Residuos sanitarios. Clasificación.

Hoy vamos a hablar de los diferentes contenedores que puede llegar a haber en un hospital. No, no son para tirar las cosas en el cubo que más te guste, cada uno tiene su función. 

Los residuos sanitarios son los generados en cualquier establecimiento o servicio en el que se desarrollen actividades de atención a la salud humana. La clasificación de dichos residuos es la siguiente: 

  1. Clase I. Residuos sólidos urbanos (RSU): no plantean exigencias especiales en su gestión.
    • Cartón, papel, residuos de cocinas, bares, comedores y aquellos procedentes de pacientes no infecciosos. 
  2. Clase II. Residuos sanitarios asimilables a urbanos (RSAU): necesitan medidas de prevención en su manipulación, recogida, almacenamiento y transporte, solo en el ámbito sanitario. 
    • Material de curas, yesos, ropa, secreciones y excreciones, material contaminado con sangre de un solo uso, bolsas vacías de orina, sondas vesicales, nasogástricas...
  3. Clase III. Residuos sanitarios biológicos especiales (RSBE): necesitan medidas de prevención en su manipulación, recogida, almacenamiento y transporte, tanto fuera como dentro del centro sanitario, ya que puede acarrear riesgos para la salud pública y laboral.
    • Clase III A: infecciosos, cultivos y reservas de agentes infecciosos, residuos de animales infecciosos o inoculados con agentes infecciosos, filtros de diálisis de pacientes portadores de VIH/SIDA y de hepatitis B, C, líquidos corporales, sangre y hemoderivados, residuos cortantes y punzantes.
    • Clase III B: residuos anatómicos humanos sin entidad, residuos procedentes de la actividad sanitaria de pacientes afectados por la enfermedad de Creutzfedt-Jacob o de sus variantes, residuos citostáticos...
  4. Clase IV. Residuos tipificados en normativas singulares: su gestión requiere un tratamiento especial desde el punto de vista higiénico y medioambiental.
    • Residuos químicos, radiológicos, de laboratorios, medicamentos caducados, productos veterinarios, cadáveres y restos anatómicos con entidad, aceites minerales y sintéticos...

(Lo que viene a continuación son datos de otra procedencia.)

(* For every condition $(\tau,Q,a)$ and every c.e. set $D\subseteq\omega\times\omega$ with $\mathrm{wt}(D)<\infty$, there exists a condition $(\tau,Q',a')$ (with the same first component $\tau$) extending $(\tau,Q,a)$ such that $D\subseteq^* Y$ (i.e. $D\setminus Y$ is finite) for every $Y$ in the set of candidates $(\tau,Q',a')$.
   Context: Fix a computable bijection between $\omega\times\omega$ and $\omega$, so that subsets of $\omega\times\omega$ are identified with elements of $2^\omega$ and strings $\rho\in 2^{<\omega}$ with finite subsets of $\omega\times\omega$; thus $X\upharpoonright_n$, $\rho\supseteq\sigma$, $\rho\setminus X$ etc. make sense. For $X\subseteq\omega\times\omega$, $\mathrm{wt}(X)=\sum_{(n,m)\in X}2^{-n}$; for a class $\hat Q\subseteq 2^\omega$, $\mathrm{wt}(\hat Q)=\inf_{X\in\hat Q}\mathrm{wt}(X)$, and $\mathrm{wt}(\emptyset)=\infty$. A condition is a tuple $(\tau,Q,a)$ where $\tau\in 2^{<\omega}$, $Q\subseteq 2^\omega$ is a $\Pi^0_1$ class with $\mathrm{wt}(Q)<\infty$, $a$ is a computable real, and for every $X\in Q$, $\tau\supseteq X\upharpoonright_{|\tau|}$ (as sets) and $\mathrm{wt}(\tau\setminus X)<a$. The condition $(\tau,Q,a)$ also denotes its set of candidates $\{Y\in 2^\omega: Y\succ\tau,\ \exists X\in Q\ (Y\supseteq X\text{ and }\mathrm{wt}(Y\setminus X)\le a)\}$. A condition $(\tau',Q',a')$ extends $(\tau,Q,a)$ if $(\tau',Q',a')\subseteq(\tau,Q,a)$ as sets of candidates. *)

theory Defs
  imports Complex_Main "HOL-Library.Nat_Bijection" "HOL-Library.Extended_Nonnegative_Real"
begin

datatype recf = Zero | Succ | Proj nat | Comp recf "recf list" | Prec recf recf | Minim recf

inductive evalr :: "recf \<Rightarrow> nat list \<Rightarrow> nat \<Rightarrow> bool" where
  ev_zero: "evalr Zero xs 0"
| ev_succ: "evalr Succ (x # xs) (Suc x)"
| ev_proj: "i < length xs \<Longrightarrow> evalr (Proj i) xs (xs ! i)"
| ev_comp: "list_all2 (\<lambda>g y. evalr g xs y) gs ys \<Longrightarrow> evalr f ys z \<Longrightarrow> evalr (Comp f gs) xs z"
| ev_prec0: "evalr f xs y \<Longrightarrow> evalr (Prec f g) (0 # xs) y"
| ev_precS: "evalr (Prec f g) (n # xs) y \<Longrightarrow> evalr g (y # n # xs) z
             \<Longrightarrow> evalr (Prec f g) (Suc n # xs) z"
| ev_minim: "evalr f (y # xs) 0 \<Longrightarrow> (\<forall>k<y. \<exists>v. evalr f (k # xs) v \<and> 0 < v)
             \<Longrightarrow> evalr (Minim f) xs y"

definition computable :: "(nat \<Rightarrow> nat) \<Rightarrow> bool" where
  "computable f \<longleftrightarrow> (\<exists>p. \<forall>n. evalr p [n] (f n))"

definition ce :: "nat set \<Rightarrow> bool" where
  "ce A \<longleftrightarrow> (\<exists>p. \<forall>n. n \<in> A \<longleftrightarrow> (\<exists>v. evalr p [n] v))"

definition decidable_set :: "nat set \<Rightarrow> bool" where
  "decidable_set R \<longleftrightarrow> computable (\<lambda>k. if k \<in> R then 1 else 0)"

text \<open>Elements of 2^omega are sets of naturals; strings are bool lists.\<close>
definition prefix_of :: "nat set \<Rightarrow> nat \<Rightarrow> bool list" where
  "prefix_of X n = map (\<lambda>i. i \<in> X) [0..<n]"

text \<open>Injective coding of binary strings by naturals (binary with a leading 1).\<close>
definition str_code :: "bool list \<Rightarrow> nat" where
  "str_code bs = foldr (\<lambda>b acc. (if b then 1 else 0) + 2 * acc) bs 1"

definition Pi01_class :: "nat set set \<Rightarrow> bool" where
  "Pi01_class Q \<longleftrightarrow> (\<exists>R. decidable_set R \<and> Q = {X. \<forall>n. str_code (prefix_of X n) \<in> R})"

definition computable_real :: "real \<Rightarrow> bool" where
  "computable_real a \<longleftrightarrow> (\<exists>f g h. computable f \<and> computable g \<and> computable h \<and>
     (\<forall>n. \<bar>a - (real (f n) - real (g n)) / real (h n + 1)\<bar> \<le> 1 / 2 ^ n))"

definition strset :: "bool list \<Rightarrow> nat set" where
  "strset \<tau> = {i. i < length \<tau> \<and> \<tau> ! i}"

definition extends_str :: "nat set \<Rightarrow> bool list \<Rightarrow> bool" where
  "extends_str Y \<tau> \<longleftrightarrow> (\<forall>i<length \<tau>. (i \<in> Y) = \<tau> ! i)"

text \<open>The fixed computable bijection omega x omega -> omega is Cantor pairing
  prod_encode; the code k stands for the pair prod_decode k = (n,m).\<close>
definition wt :: "nat set \<Rightarrow> ennreal" where
  "wt X = (\<Sum>k. if k \<in> X then ennreal ((1/2) ^ fst (prod_decode k)) else 0)"

definition wt_class :: "nat set set \<Rightarrow> ennreal" where
  "wt_class Q = (INF X\<in>Q. wt X)"

definition is_condition :: "bool list \<Rightarrow> nat set set \<Rightarrow> real \<Rightarrow> bool" where
  "is_condition \<tau> Q a \<longleftrightarrow> Pi01_class Q \<and> wt_class Q < \<infinity> \<and> computable_real a \<and>
     (\<forall>X\<in>Q. X \<inter> {..<length \<tau>} \<subseteq> strset \<tau> \<and> enn2ereal (wt (strset \<tau> - X)) < ereal a)"

definition candidates :: "bool list \<Rightarrow> nat set set \<Rightarrow> real \<Rightarrow> nat set set" where
  "candidates \<tau> Q a = {Y. extends_str Y \<tau> \<and>
     (\<exists>X\<in>Q. X \<subseteq> Y \<and> enn2ereal (wt (Y - X)) \<le> ereal a)}"

end

theory Submission
  imports Defs "HOL-Library.Discrete_Functions"
begin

Los residuos de los grupos II y III deben recogerse en bolsas/recipientes que cumplan las siguientes características:
  • Opacidad
  • Estanqueidad total
  • Asepsia en su exterior
  • Resistentes
  • Cierre hermético
  • Volumen no superior a 70L
Los residuos del grupo I deben tirarse en bolsas negras. 
Los del grupo II, en bolsas verdes.
Los del grupo III, en contenedores rígidos de color amarillo. 
Por último, los del grupo IV, en contenedores rígidos de color azul.